- Battle of Goito Bridge: Part of First War of Italian Independence
| Date | 8 April 1848 |
| Location | Goito, Lombardy, Italy45°14′49″N 10°40′29″E﻿ / ﻿45.24694°N 10.67472°E |
| Result | Piedmontese victory |

Belligerents
- Kingdom of Sardinia: Austrian Empire

Commanders and leaders
- Eusebio Bava Federico d'Arvillars: Ludwig von Wohlgemuth

Strength
- 9,300 troops: 3,000–3,500 troops

Casualties and losses
- 8 dead and 40 wounded: 19 dead, 15 wounded and 68 captured

= Battle of Goito Bridge =

Battle of the First War of Italian Independence

The Battle of Goito Bridge or Battle of the Bridge of Goito (Battaglia del Ponte di Goito) was the first significant clash fought during the First Italian War of Independence and took place on the 8th April 1848. It was so named in order to distinguish it from the far more significant and large-scale Battle of Goito that was fought the following month. The battle of Goito Bridge saw a Piedmontese division capture a key bridge on the Mincio River held by a significantly smaller Austrian detachment.

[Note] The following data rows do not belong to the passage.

lemma face_of_cone_fam:
  assumes fin: "finite S" and face: "is_face n \<gamma>0 (cone_fam S id)"
  obtains T where "T \<subseteq> S" "\<gamma>0 = cone_fam T id"
proof -
  obtain u where u: "\<forall>x\<in>cone_fam S id. 0 \<le> dotp n u x" "\<gamma>0 = {x\<in>cone_fam S id. dotp n u x = 0}"
    using face unfolding is_face_def by blast
  define T where "T = {s\<in>S. dotp n u s = 0}"
  have u_gen: "0 \<le> dotp n u s" if "s \<in> S" for s
    using u(1) generator_in_cone_fam[OF fin that, of id] by simp
  have "\<gamma>0 \<subseteq> cone_fam T id"
  proof
    fix x assume "x \<in> \<gamma>0"
    then obtain c where c: "x = lincomb_fam c S id" "\<forall>s\<in>S. 0 \<le> c s" "dotp n u x = 0"
      using u(2) by (auto simp: cone_fam_def)
    have "(\<Sum>s\<in>S. c s * dotp n u s) = 0" using c by (simp add: dotp_lincomb_fam)
    moreover have "\<forall>s\<in>S. 0 \<le> c s * dotp n u s" using c(2) u_gen by simp
    ultimately have "\<forall>s\<in>S. c s * dotp n u s = 0"
      using sum_nonneg_eq_0_iff[OF fin, of "\<lambda>s. c s * dotp n u s"] by blast
    then have "lincomb_fam c S id = lincomb_fam c T id"
      using lincomb_fam_zero_outside[OF fin, of T c id] by (auto simp: T_def)
    then show "x \<in> cone_fam T id" using c(1,2) by (auto simp: cone_fam_def T_def)
  qed
  moreover have "cone_fam T id \<subseteq> \<gamma>0"
  proof
    fix x assume x: "x \<in> cone_fam T id"
    then obtain c where "x = lincomb_fam c T id" by (auto simp: cone_fam_def)
    then have "dotp n u x = 0" by (simp add: dotp_lincomb_fam T_def)
    moreover have "x \<in> cone_fam S id" using cone_fam_mono[OF fin, of T id] x by (auto simp: T_def)
    ultimately show "x \<in> \<gamma>0" using u(2) by blast
  qed
  moreover have "T \<subseteq> S" by (auto simp: T_def)
  ultimately show thesis using that by blast
qed
lemma Psi_drift_le_diffusion:
  assumes "1 \<le> k" "1 < l" "0 < A" "c \<le> 0"
    and drift_poly: "- c * l \<le> 2 * d / 3"
    and drift_exp: "- c * ln l \<le> d * ((k - l) * (1 - 1 / l))"
    and "xi < 0"
  shows "- c * Psi' l A xi \<le> d * lattice_diffusion k (Psi l A) xi"
proof -
  have "0 \<le> - c * l" using assms by (intro mult_nonneg_nonneg) auto
  then have "0 \<le> d" using drift_poly by linarith
  consider "xi \<le> -1 - 1 / l" | "-1 - 1 / l < xi" "xi \<le> -1" | "-1 < xi" by linarith
  then show ?thesis
  proof cases
    case 1
    then show ?thesis
      using lattice_diffusion_Psi_left[of k l A xi] assms \<open>0 \<le> d\<close> by (simp add: Psi'_def)
  next
    case 2
    define t where "t = l * xi + 1 + l"
    have t: "0 < t" "t \<le> 1" using Psi_middle_arg_bounds[OF assms(2) 2] by (simp_all add: t_def)
    have "t ^ 2 \<le> t" using t power_decreasing[of 1 2 t] by simp
    then have "ln l * t ^ 2 \<le> (l - 1) * t"
      using t assms ln_le_minus_one[of l] by (intro mult_mono) auto
    moreover have "0 \<le> - c * l * A" using \<open>0 \<le> - c * l\<close> assms by (intro mult_nonneg_nonneg) auto
    ultimately have "- c * l * A * (ln l * t ^ 2) \<le> - c * l * A * ((l - 1) * t)"
      by (rule mult_left_mono)
    moreover have "Psi' l A xi = A * (ln l * l * t ^ 2)" using 2 by (simp add: Psi'_def t_def)
    ultimately have "- c * Psi' l A xi \<le> (- c * l) * (A * ((l - 1) * t))"
      by (simp add: algebra_simps)
    also have "\<dots> \<le> 2 * d / 3 * (A * ((l - 1) * t))"
      using drift_poly t assms by (intro mult_right_mono) auto
    also have "\<dots> \<le> d * lattice_diffusion k (Psi l A) xi"
      using mult_left_mono[OF lattice_diffusion_Psi_middle[OF assms(1-3) 2] \<open>0 \<le> d\<close>]
      unfolding t_def by argo
    finally show ?thesis .
  next
    case 3
    define P where "P = l powr (- xi)"
    have "0 < A * P" using assms by (simp add: P_def)
    have "- c * Psi' l A xi = (- c * ln l) * (A * P)"
      using 3 assms by (simp add: Psi'_right P_def)
    also have "\<dots> \<le> d * (A * ((k - l) * (1 - 1 / l)) * P)"
      using mult_right_mono[OF drift_exp, of "A * P"] \<open>0 < A * P\<close> by argo
    also have "\<dots> \<le> d * lattice_diffusion k (Psi l A) xi"
      using lattice_diffusion_Psi_right[OF assms(2,3) 3 assms(7), of k] \<open>0 \<le> d\<close>
      by (simp add: P_def mult_left_mono)
    finally show ?thesis .
  qed
qed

As the first battle in which the newly established Piedmontese Bersaglieri corps took part, the battle of the Bridge of Goito holds a significant place in Italian military historiography and in the corps' battle honors.

== Order of battle ==
The battle took place between an advance guard of the 1st Piedmontese division (General Eusebio Bava) commanded by Federico d'Arvillars and a smaller Austrian detachment under Ludwig von Wohlgemuth in and around the crossing on the river Mincio by Goito.

The Piedmontese advance guard consisted of a company of the newly founded light-infantry Bersaglieri, a small cavalry platoon, a detachment of military engineers, 300 marines of the Royal Sardinian Navy led by Major Alli Maccarani and a detachment of the 6th artillery battery. The Piedmontese were also reinforced by a company of Mantuan volunteers led by Captain Saverio Griffini.

A single company of skirmishing Kaiserjäger from the defending Austrian detachment had occupied the town and its outskirts, while five companies of Austrian infantry and 4 artillery pieces held the opposite bank of the river. The objective of the smaller Austrian force was to frustrate the Piedmontese crossing, delaying the enemy advance against Mantua and to destroy the bridge.

== The battle ==
Early in the morning (sometime between 8 and 9 am) the advance guard of the 1st Piedmontese Division clashed with Austrian forces outside the town. A company of Bersaglieri and a squadron of cavalry squad then attacked the company of Kaiserjäger holding the entrance to the town and "quickly forced them to disperse".

Colonel Alessandro La Marmora then led the Bersaglieri charge into the town, and was seriously injured in the jaw in the course of the engagement. The Austrians, who had earlier placed explosive on the bridge decided to blow it up in order to halt the Italian advance, but were unable to do so as the explosives had been rendered ineffective by rain the previous night.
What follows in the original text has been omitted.